Category Archives: Harvard

The SPB Q (Grad Chapter): C. Riley Snorton

{I met Riley Snorton about three weeks into the start of my graduate school life. He got out of a cab at a party where I was chilling on the stoop and getting some air, and I knew we’d be friends: a coupla weeks later we were having coffee and chatting about everything from RuPaul’s Drag Race to the finer points of James Weldon Johnson’s contributions to Harlem Renaissance literature. I hadn’t made many new friends yet at Harvard—a pretty cold place when you first show up—but in meeting Riley I had indeed won the New Friend Sweepstakes: this W.E.B. DuBois fellow visiting from Penn became both a social running buddy and an intellectual sounding board, and to this day, I’m convinced that his presence is what got me through my first year. Riley’s been widely published in such journals as Souls, Hypathia, and International Journal of Communication, as well as chapters in books on Dave Chappelle and passing, and his essay “‘A New Hope’: The Psychic Life of Passing” will soon appear in Homophiles. Riley’s dissertation toggles back and forth between high theory and black vernacular expressions and, according to Riley, “takes the ‘down low,’ a term that typically refers to black men who have sex with men and do not identify as gay or bisexual, as a case study, by which we can ascertain the relationships among and between mass media, representation, and identity.” I’ve read or heard a coupla chapters…and it’s really some spectacular, ground-breaking work. In the spring, Riley will be starting a post-doc in the media studies department at Pomona College, and I’m honored not only to have him be the inaugural guest of The SPB Q (Grad Chapter) but honored that he sorta deconstructed it a bit in the process…}

Name: C. Riley Snorton

Hometown: Born in the Bronx, but raised in Sumter, SC and ATL

School/Year: UPenn/ 5th and final

Dissertation Title: “Trapped in the Epistemological Closet: Black Sexuality and the Popular Imagination”

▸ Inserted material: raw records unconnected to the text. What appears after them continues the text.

lemma nn_integral_PiM_equivariant:
  fixes f :: "nat \<Rightarrow> (nat \<Rightarrow> 'a) \<Rightarrow> ennreal"
  assumes P: "prob_space P"
    and f_meas: "\<And>i. i \<le> n \<Longrightarrow> f i \<in> borel_measurable (PiM {..n} (\<lambda>_. P))"
    and f_equiv: "\<And>\<tau> i z. bij_betw \<tau> {..n} {..n} \<Longrightarrow> i \<le> n \<Longrightarrow> z \<in> space (PiM {..n} (\<lambda>_. P)) \<Longrightarrow>
      f i (\<lambda>k\<in>{..n}. z (\<tau> k)) = f (\<tau> i) z"
    and f_sum: "\<And>z. z \<in> space (PiM {..n} (\<lambda>_. P)) \<Longrightarrow> (\<Sum>i\<le>n. f i z) = of_nat (Suc n) * c"
  shows "(\<integral>\<^sup>+z. f n z \<partial>PiM {..n} (\<lambda>_. P)) = c"
proof -
  let ?\<Omega> = "PiM {..n} (\<lambda>_. P)"
  interpret prob_space ?\<Omega> using P by (intro prob_space_PiM) auto
  have same: "(\<integral>\<^sup>+z. f n z \<partial>?\<Omega>) = (\<integral>\<^sup>+z. f i z \<partial>?\<Omega>)" if i: "i \<le> n" for i
  proof -
    have bij: "bij_betw (Transposition.transpose i n) {..n} {..n}" using i by simp
    have "(\<integral>\<^sup>+z. f n z \<partial>?\<Omega>) = (\<integral>\<^sup>+z. f n (\<lambda>k\<in>{..n}. z (Transposition.transpose i n k)) \<partial>?\<Omega>)"
      by (rule nn_integral_PiM_reindex[symmetric, OF P bij f_meas]) simp
    also have "\<dots> = (\<integral>\<^sup>+z. f i z \<partial>?\<Omega>)"
      by (intro nn_integral_cong) (simp add: f_equiv[OF bij])
    finally show ?thesis .
  qed
  have "(\<integral>\<^sup>+z. f n z \<partial>?\<Omega>) * of_nat (Suc n) = (\<Sum>i\<le>n. \<integral>\<^sup>+z. f n z \<partial>?\<Omega>)"
    by (simp add: mult.commute)
  also have "\<dots> = (\<Sum>i\<le>n. \<integral>\<^sup>+z. f i z \<partial>?\<Omega>)"
    by (rule sum.cong) (simp_all add: same)
  also have "\<dots> = (\<integral>\<^sup>+z. (\<Sum>i\<le>n. f i z) \<partial>?\<Omega>)"
    by (rule nn_integral_sum[symmetric]) (simp add: f_meas)
  also have "\<dots> = (\<integral>\<^sup>+z. of_nat (Suc n) * c \<partial>?\<Omega>)"
    by (intro nn_integral_cong) (simp add: f_sum)
  also have "\<dots> = c * of_nat (Suc n)"
    by (simp add: emeasure_space_1 mult.commute)
  finally show ?thesis
    unfolding ennreal_of_nat_eq_real_of_nat mult_right_ennreal_cancel by simp
qed

theorem theorem2:
  fixes P :: "((real ^ 'p) \<times> real) measure"
    and n :: nat
    and V :: "((real ^ 'p) \<times> real) multiset \<Rightarrow> (real ^ 'p) \<times> real \<Rightarrow> real"
    and H :: "(real ^ 'p) multiset \<Rightarrow> real ^ 'p \<Rightarrow> real ^ 'p \<Rightarrow> real"
    and al :: real
  assumes P_prob: "prob_space P"
    and P_borel: "sets P = sets borel"
    and H_range: "\<And>M x y. 0 \<le> H M x y \<and> H M x y \<le> 1"
    and H_diag: "\<And>M x. H M x x = 1"
    and V_meas: "\<And>j. j \<le> n \<Longrightarrow> (\<lambda>z. Vsc V n z j) \<in> borel_measurable (PiM {..n} (\<lambda>_. P))"
    and H_meas: "\<And>i j. i \<le> n \<Longrightarrow> j \<le> n \<Longrightarrow>
                   (\<lambda>z. Hloc H n z i j) \<in> borel_measurable (PiM {..n} (\<lambda>_. P))"
    and al_pos: "0 < al" and al_lt1: "al < 1"
  shows "measure (PiM {..n} (\<lambda>_. P) \<Otimes>\<^sub>M uniform_measure lborel {0..1})
           {\<omega> \<in> space (PiM {..n} (\<lambda>_. P) \<Otimes>\<^sub>M uniform_measure lborel {0..1}).
              ereal (Vsc V n (fst \<omega>) n) \<le> QF V H n (fst \<omega>) (atil V H n (fst \<omega>) (snd \<omega>) al)} = al"
proof -
  define \<Omega> where "\<Omega> = PiM {..n} (\<lambda>_. P)"
  define U where "U = uniform_measure lborel {0..1::real}"
  interpret localizer H using H_range H_diag by unfold_locales auto
  interpret measurable_localizer H \<Omega> V n
    using V_meas H_meas unfolding \<Omega>_def by unfold_locales
  have al: "0 < al" "al \<le> 1" using al_pos al_lt1 by auto
  have "{\<omega> \<in> space (\<Omega> \<Otimes>\<^sub>M U). ereal (Vsc V n (fst \<omega>) n) \<le> QF V H n (fst \<omega>) (atil V H n (fst \<omega>) (snd \<omega>) al)} =
      {\<omega> \<in> space (\<Omega> \<Otimes>\<^sub>M U). if snd \<omega> \<le> choice_prob V H n (fst \<omega>) al
        then below_weight V H n (fst \<omega>) n < atil1 V H n (fst \<omega>) al
        else below_weight V H n (fst \<omega>) n < atil2 V H n (fst \<omega>) al}"
    by (simp add: Vsc_le_QF_iff atil_eq_if_choice_prob)
  also have "emeasure (\<Omega> \<Otimes>\<^sub>M U) \<dots> = (\<integral>\<^sup>+z. ennreal (cover_prob V H n z al n) \<partial>\<Omega>)"
    unfolding U_def cover_prob_def
    by (intro emeasure_pair_uniform_choice choice_prob_measurable choice_prob_bounds al)
      (auto simp: pred_def intro!: borel_measurable_less below_weight_measurable atil1_measurable atil2_measurable al)
  also have "\<dots> = ennreal al"
    unfolding \<Omega>_def
    by (rule nn_integral_PiM_equivariant[OF P_prob, where f = "\<lambda>i z. ennreal (cover_prob V H n z al i)"])
      (use cover_prob_measurable[OF al] cover_prob_reindex sum_cover_prob_ennreal[OF al] in \<open>auto simp: \<Omega>_def\<close>)
  finally show ?thesis
    using al unfolding \<Omega>_def U_def by (simp add: measure_def)
qed

end
text \<open>Distance-regular graph of diameter d with intersection numbers a_i, b_i, c_i
 (0 \<le> i \<le> d); for i = 0 the count of neighbours at distance i-1 is the empty count, so c_0 = 0.\<close>
definition distance_regular ::
  "'v set \<Rightarrow> ('v \<Rightarrow> 'v \<Rightarrow> bool) \<Rightarrow> nat \<Rightarrow> (nat \<Rightarrow> nat) \<Rightarrow> (nat \<Rightarrow> nat) \<Rightarrow> (nat \<Rightarrow> nat) \<Rightarrow> bool" where
  "distance_regular V E d a b c \<longleftrightarrow>
     simple_graph V E \<and> connected_graph V E \<and> diameter V E = d \<and>
     (\<forall>i\<le>d. \<forall>v\<in>V. \<forall>w\<in>V. gdist V E v w = i \<longrightarrow>
        card {x\<in>V. E w x \<and> gdist V E v x + 1 = i} = c i \<and>
        card {x\<in>V. E w x \<and> gdist V E v x = i} = a i \<and>
        card {x\<in>V. E w x \<and> gdist V E v x = i + 1} = b i)"

end

theory Submission
  imports Defs
begin

text \<open>Fix vertices u, w at distance 2 and a common neighbour v. The neighbourhoods of u and of w
meet the neighbourhood of v in \<open>\<lambda>\<close> vertices each, and these two sets can only overlap inside the
\<open>\<mu>\<close> common neighbours of u and w; inclusion-exclusion inside the \<open>k\<close> neighbours of v gives
\<open>2\<lambda> \<le> k + \<mu>\<close>. If \<open>a\<^sub>2 \<noteq> 0\<close>, some neighbour x of w is also at distance 2 from u, and the same
count inside the neighbourhood of u, with the roles of \<open>\<lambda>\<close> and \<open>\<mu>\<close> exchanged, gives \<open>2\<mu> \<le> k + \<lambda>\<close>.\<close>

lemma walk_of_length_0: "walk_of_length V E v w 0 \<longleftrightarrow> v = w \<and> v \<in> V"
  unfolding walk_of_length_def by (auto simp: length_Suc_conv)

lemma walk_of_length_Suc:
  "walk_of_length V E v w (Suc n) \<longleftrightarrow> (\<exists>u. walk_of_length V E v u n \<and> E u w \<and> w \<in> V)"
proof
  assume "walk_of_length V E v w (Suc n)"
  then obtain p where p: "length p = Suc (Suc n)" "set p \<subseteq> V" "hd p = v" "last p = w"
    "\<forall>i<Suc n. E (p ! i) (p ! Suc i)" unfolding walk_of_length_def by blast
  have p_ne: "p \<noteq> []" using p(1) by auto
  let ?q = "butlast p"
  have q: "length ?q = Suc n" "\<And>i. i < Suc n \<Longrightarrow> ?q ! i = p ! i"
    using p(1) by (simp_all add: nth_butlast)
  have q_ne: "?q \<noteq> []" using q(1) by (metis length_0_conv nat.distinct(1))
  have "hd ?q = v" "last ?q = p ! n"
    using q q_ne p(3) p_ne by (simp_all add: hd_conv_nth last_conv_nth)
  moreover have "set ?q \<subseteq> V" using p(2) in_set_butlastD by fastforce
  ultimately have "walk_of_length V E v (p ! n) n"
    unfolding walk_of_length_def using q p(5) by (intro exI[of _ ?q]) auto
  moreover have "p ! Suc n = w" "w \<in> V" using p(1,2,4) p_ne by (auto simp: last_conv_nth)
  ultimately show "\<exists>u. walk_of_length V E v u n \<and> E u w \<and> w \<in> V" using p(5) by auto
next
  assume "\<exists>u. walk_of_length V E v u n \<and> E u w \<and> w \<in> V"
  then obtain u q where q: "length q = Suc n" "set q \<subseteq> V" "hd q = v" "last q = u"
    "\<forall>i<n. E (q ! i) (q ! Suc i)" and uw: "E u w" "w \<in> V"
    unfolding walk_of_length_def by blast
  have q_ne: "q \<noteq> []" using q(1) by auto
  have "\<forall>i<Suc n. E ((q @ [w]) ! i) ((q @ [w]) ! Suc i)"
    using q(1,4,5) q_ne uw(1) by (auto simp: nth_append last_conv_nth less_Suc_eq)
  then show "walk_of_length V E v w (Suc n)"
    unfolding walk_of_length_def using q q_ne uw by (intro exI[of _ "q @ [w]"]) auto
qed
(* Let $G$ be an ADMG and let $v_1,v_2,v_3$ be distinct vertices of $G$ such that $G$ contains the edges $v_1\to v_2$, $v_2\to v_3$, $v_2\leftrightarrow v_3$ and $v_1\to v_3$. Then the ADMG $G'$ obtained from $G$ by deleting the edge $v_1\to v_3$ is Markov equivalent to $G$.
   Context: An ADMG (acyclic directed mixed graph) has directed edges $v\to w$ forming no directed cycle and bidirected edges $v\leftrightarrow w$ (unordered pairs), $v\neq w$. A path from $a$ to $b$ is a sequence $v_1,e_1,\dots,e_{k-1},v_k$ with $v_1=a\ne b=v_k$ (vertices may repeat), each $e_j$ an edge (directed either way, or bidirected) between $v_j,v_{j+1}$; an internal $v_j$ is a collider if both $e_{j-1},e_j$ have an arrowhead at $v_j$ (directed into $v_j$ or bidirected). $x$ is a descendant of $v$ if $x=v$ or there is a directed path from $v$ to $x$. The path is active given $Z\subseteq V\setminus\{a,b\}$ if every internal non-collider is not in $Z$ and every collider is in $Z$ or has a descendant in $Z$. $a,b$ are d-connected given $Z$ if an active path exists, otherwise d-separated. Two graphs on the same vertex set are Markov equivalent if they have the same d-separation statements for all $a,b,Z$. *)

theory Defs
  imports Main
begin

text \<open>An ADMG on a finite vertex set: directed edges dir (pairs (v,w) meaning v to w),
  bidirected edges bi (a symmetric relation, (v,w) and (w,v) both present).\<close>

record 'a admg =
  verts :: "'a set"
  dir :: "'a rel"
  bi :: "'a rel"

definition is_admg :: "'a admg \<Rightarrow> bool" where
  "is_admg G \<longleftrightarrow> finite (verts G)
     \<and> dir G \<subseteq> verts G \<times> verts G \<and> bi G \<subseteq> verts G \<times> verts G
     \<and> (\<forall>v. (v, v) \<notin> (dir G)\<^sup>+)
     \<and> sym (bi G) \<and> (\<forall>v. (v, v) \<notin> bi G)"

text \<open>Kind of the edge traversed from v_j to v_(j+1) along a path.\<close>
datatype ekind = Fwd | Bwd | Bidir

fun edge_ok :: "'a admg \<Rightarrow> 'a \<Rightarrow> 'a \<Rightarrow> ekind \<Rightarrow> bool" where
  "edge_ok G v w Fwd = ((v, w) \<in> dir G)"
| "edge_ok G v w Bwd = ((w, v) \<in> dir G)"
| "edge_ok G v w Bidir = ((v, w) \<in> bi G)"

fun head_at_end :: "ekind \<Rightarrow> bool" where
  "head_at_end Fwd = True" | "head_at_end Bwd = False" | "head_at_end Bidir = True"

fun head_at_start :: "ekind \<Rightarrow> bool" where
  "head_at_start Fwd = False" | "head_at_start Bwd = True" | "head_at_start Bidir = True"

text \<open>A path: vertex list vs = [v_1..v_k] and edge list es = [e_1..e_(k-1)]; vertices may repeat.\<close>
definition is_path :: "'a admg \<Rightarrow> 'a \<Rightarrow> 'a \<Rightarrow> 'a list \<Rightarrow> ekind list \<Rightarrow> bool" where
  "is_path G a b vs es \<longleftrightarrow> length vs = length es + 1 \<and> vs \<noteq> [] \<and>
     hd vs = a \<and> last vs = b \<and> a \<noteq> b \<and> set vs \<subseteq> verts G \<and>
     (\<forall>j < length es. edge_ok G (vs ! j) (vs ! Suc j) (es ! j))"

definition is_collider :: "ekind list \<Rightarrow> nat \<Rightarrow> bool" where
  "is_collider es j \<longleftrightarrow> head_at_end (es ! (j - 1)) \<and> head_at_start (es ! j)"

definition descendant :: "'a admg \<Rightarrow> 'a \<Rightarrow> 'a \<Rightarrow> bool" where
  "descendant G v x \<longleftrightarrow> (v, x) \<in> (dir G)\<^sup>*"

definition active :: "'a admg \<Rightarrow> 'a set \<Rightarrow> 'a list \<Rightarrow> ekind list \<Rightarrow> bool" where
  "active G Z vs es \<longleftrightarrow> (\<forall>j. 0 < j \<and> j < length es \<longrightarrow>
      (is_collider es j \<longrightarrow> (\<exists>x\<in>Z. descendant G (vs ! j) x)) \<and>
      (\<not> is_collider es j \<longrightarrow> vs ! j \<notin> Z))"

definition d_connected :: "'a admg \<Rightarrow> 'a \<Rightarrow> 'a \<Rightarrow> 'a set \<Rightarrow> bool" where
  "d_connected G a b Z \<longleftrightarrow> (\<exists>vs es. is_path G a b vs es \<and> active G Z vs es)"

definition d_separated :: "'a admg \<Rightarrow> 'a \<Rightarrow> 'a \<Rightarrow> 'a set \<Rightarrow> bool" where
  "d_separated G a b Z \<longleftrightarrow> \<not> d_connected G a b Z"

definition markov_equivalent :: "'a admg \<Rightarrow> 'a admg \<Rightarrow> bool" where
  "markov_equivalent G H \<longleftrightarrow> verts G = verts H \<and>
     (\<forall>a\<in>verts G. \<forall>b\<in>verts G. \<forall>Z. a \<noteq> b \<and> Z \<subseteq> verts G - {a, b} \<longrightarrow>
        (d_separated G a b Z \<longleftrightarrow> d_separated H a b Z))"

end

theory Submission
  imports Defs
begin

(* Every use of the edge v1 -> v3 on an active path can be replaced by a detour through v2:
   v1 -> v2 -> v3 when v2 is not conditioned on, and v1 -> v2 <-> v3 when it is.  The detour
   keeps the arrowhead marks at v1 and v3, so the collider status of the old vertices is
   unchanged, and v2 is a non-collider outside Z, respectively a collider in Z.  Deleting
   v1 -> v3 does not change the descendant relation, since v1 -> v2 -> v3 remains, so
   active paths of the smaller graph stay active in G. *)

definition subdivide_verts :: "nat \<Rightarrow> 'a \<Rightarrow> 'a list \<Rightarrow> 'a list" where
  "subdivide_verts j x vs = take (Suc j) vs @ x # drop (Suc j) vs"

definition subdivide_edges :: "nat \<Rightarrow> ekind \<Rightarrow> ekind \<Rightarrow> ekind list \<Rightarrow> ekind list" where
  "subdivide_edges j k1 k2 es = take j es @ k1 # k2 # drop (Suc j) es"

lemma length_subdivide_verts:
  "Suc j \<le> length vs \<Longrightarrow> length (subdivide_verts j x vs) = Suc (length vs)"
  by (simp add: subdivide_verts_def)

lemma length_subdivide_edges:
  "j < length es \<Longrightarrow> length (subdivide_edges j k1 k2 es) = Suc (length es)"
  by (simp add: subdivide_edges_def)

lemma nth_subdivide_verts:
  assumes "Suc j \<le> length vs" "i \<le> length vs"
  shows "subdivide_verts j x vs ! i =
    (if i \<le> j then vs ! i else if i = Suc j then x else vs ! (i - 1))"
  using assms
  by (auto simp: subdivide_verts_def nth_append min_def nth_Cons' numeral_2_eq_2 Suc_diff_Suc)

lemma nth_subdivide_edges:
  assumes "j < length es" "i \<le> length es"
  shows "subdivide_edges j k1 k2 es ! i =
    (if i < j then es ! i else if i = j then k1 else if i = Suc j then k2 else es ! (i - 1))"
  using assms
  by (auto simp: subdivide_edges_def nth_append min_def nth_Cons' numeral_2_eq_2 Suc_diff_Suc)

lemma is_path_subdivide:
  assumes path: "is_path G a b vs es" and j: "j < length es" and x: "x \<in> verts G"
    and k1: "edge_ok G (vs ! j) x k1" and k2: "edge_ok G x (vs ! Suc j) k2"
  shows "is_path G a b (subdivide_verts j x vs) (subdivide_edges j k1 k2 es)"
proof -
  let ?vs = "subdivide_verts j x vs" and ?es = "subdivide_edges j k1 k2 es"
  have len: "length vs = length es + 1" and "vs \<noteq> []" "hd vs = a" "last vs = b"
    and sub: "set vs \<subseteq> verts G"
    and edges: "\<And>i. i < length es \<Longrightarrow> edge_ok G (vs ! i) (vs ! Suc i) (es ! i)"
    using path unfolding is_path_def by auto
  have len': "length ?vs = length ?es + 1" "length ?es = Suc (length es)"
    using len j by (simp_all add: length_subdivide_verts length_subdivide_edges)
  have nv: "\<And>i. i \<le> length vs \<Longrightarrow> ?vs ! i =
      (if i \<le> j then vs ! i else if i = Suc j then x else vs ! (i - 1))"
    using len j by (intro nth_subdivide_verts) auto
  have ne: "\<And>i. i \<le> length es \<Longrightarrow> ?es ! i =
      (if i < j then es ! i else if i = j then k1 else if i = Suc j then k2 else es ! (i - 1))"
    using j by (rule nth_subdivide_edges)
  have "?vs \<noteq> []" using len' by auto
  moreover have "hd ?vs = a"
    using nv[of 0] \<open>?vs \<noteq> []\<close> \<open>vs \<noteq> []\<close> \<open>hd vs = a\<close> by (simp add: hd_conv_nth)
  moreover have "last ?vs = b"
    using nv[of "length vs"] len len' j \<open>?vs \<noteq> []\<close> \<open>vs \<noteq> []\<close> \<open>last vs = b\<close>
    by (simp add: last_conv_nth)
  moreover have "set ?vs \<subseteq> verts G"
    using sub x by (auto simp: subdivide_verts_def dest: in_set_takeD in_set_dropD)
  moreover have "edge_ok G (?vs ! i) (?vs ! Suc i) (?es ! i)" if i: "i < length ?es" for i
  proof -
    consider "i < j" | "i = j" | "i = Suc j" | "Suc j < i" by linarith
    then show ?thesis
      using nv[of i] nv[of "Suc i"] ne[of i] edges[of i] edges[of "i - 1"] k1 k2 i j len len'
      by cases auto
  qed
  ultimately show ?thesis
    using len' path unfolding is_path_def by auto
qed

lemma is_collider_subdivide_edges:
  assumes j: "j < length es" and i: "0 < i" "i \<le> length es"
    and start: "head_at_start k1 = head_at_start (es ! j)"
    and end': "head_at_end k2 = head_at_end (es ! j)"
  shows "is_collider (subdivide_edges j k1 k2 es) i =
    (if i \<le> j then is_collider es i
     else if i = Suc j then head_at_end k1 \<and> head_at_start k2
     else is_collider es (i - 1))"
  using nth_subdivide_edges[OF j, of i k1 k2] nth_subdivide_edges[OF j, of "i - 1" k1 k2]
    i j start end' unfolding is_collider_def
  by (cases "i = Suc (Suc j)") (auto simp: numeral_2_eq_2)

Favorite book: I realize that I’m twisting the spirit of this question significantly, but I had to reformulate this question to say, “what books (fiction and non-fiction) would upset you most if someone kept them on permanent borrow?” And that would have to be The Salt Roads by Nalo Hopkinson (fiction) and Black, White, and In Color by Hortense Spillers (non-fiction).

Favorite author: Octavia Butler

Favorite movie: When I was a child I was obsessed with Who Framed Roger Rabbit? along with a steady diet of movie musicals.  Now I am pretty much content with a black musical.

Favorite song: “Ne Me Quitte Pas” — particularly the Nina Simone cover

Academic text that most influences your work: In the Break by Fred Moten

Academic who most influences your work: my advisor and academic mentor, John L. Jackson, Jr.

Academic High: I often compare academic work to other kinds of creative production.  I sometimes feel like a painter, synthesizing theory and source materials—which often include 90s R&B—at 2am.  Writing, and consequently seeing source materials differently through that process, is definitely a high.

Life High: Staying grounded.  I feel like one is able to have a lot of highs when one’s not too far off the ground.

You’re on a desert island and can only have 5 CDs/books/ or DVDs shipped in to you. What are they?

Aaron McGruder’s graphic novels (they’re funny to me)

Dreamgirls

The Best of Nina Simone

Chappelle Show, Season 2

Octavia Butler’s Wild Seed

Your favorite quote:

For its fierceness and relevance to work/ life: “From the point of view of the dominant mythology, it seems that sexual experience among black people (or sex between black and any other) is so boundlessly imagined that it loses meaning and becomes, quite simply, a medium in which the individual is suspended.  From this angle, the act of sex has no occasional moments of inauguration, transition, and termination; it does not belong to human and social process, embedded in time, pledged to time and notions of mortality.  It is, on the contrary, a state, of vicious, routinized entanglement, whose passions are pure, direct and untrammeled by consciousness.” –– Hortense Spillers

Guilty pleasure: Since I work in popular culture, I think it would be pretty drab to say that I have a substantial habit of watching reality tv, which, of course, I do.  My guilty pleasure, of the moment, is doing late-night work-out routines.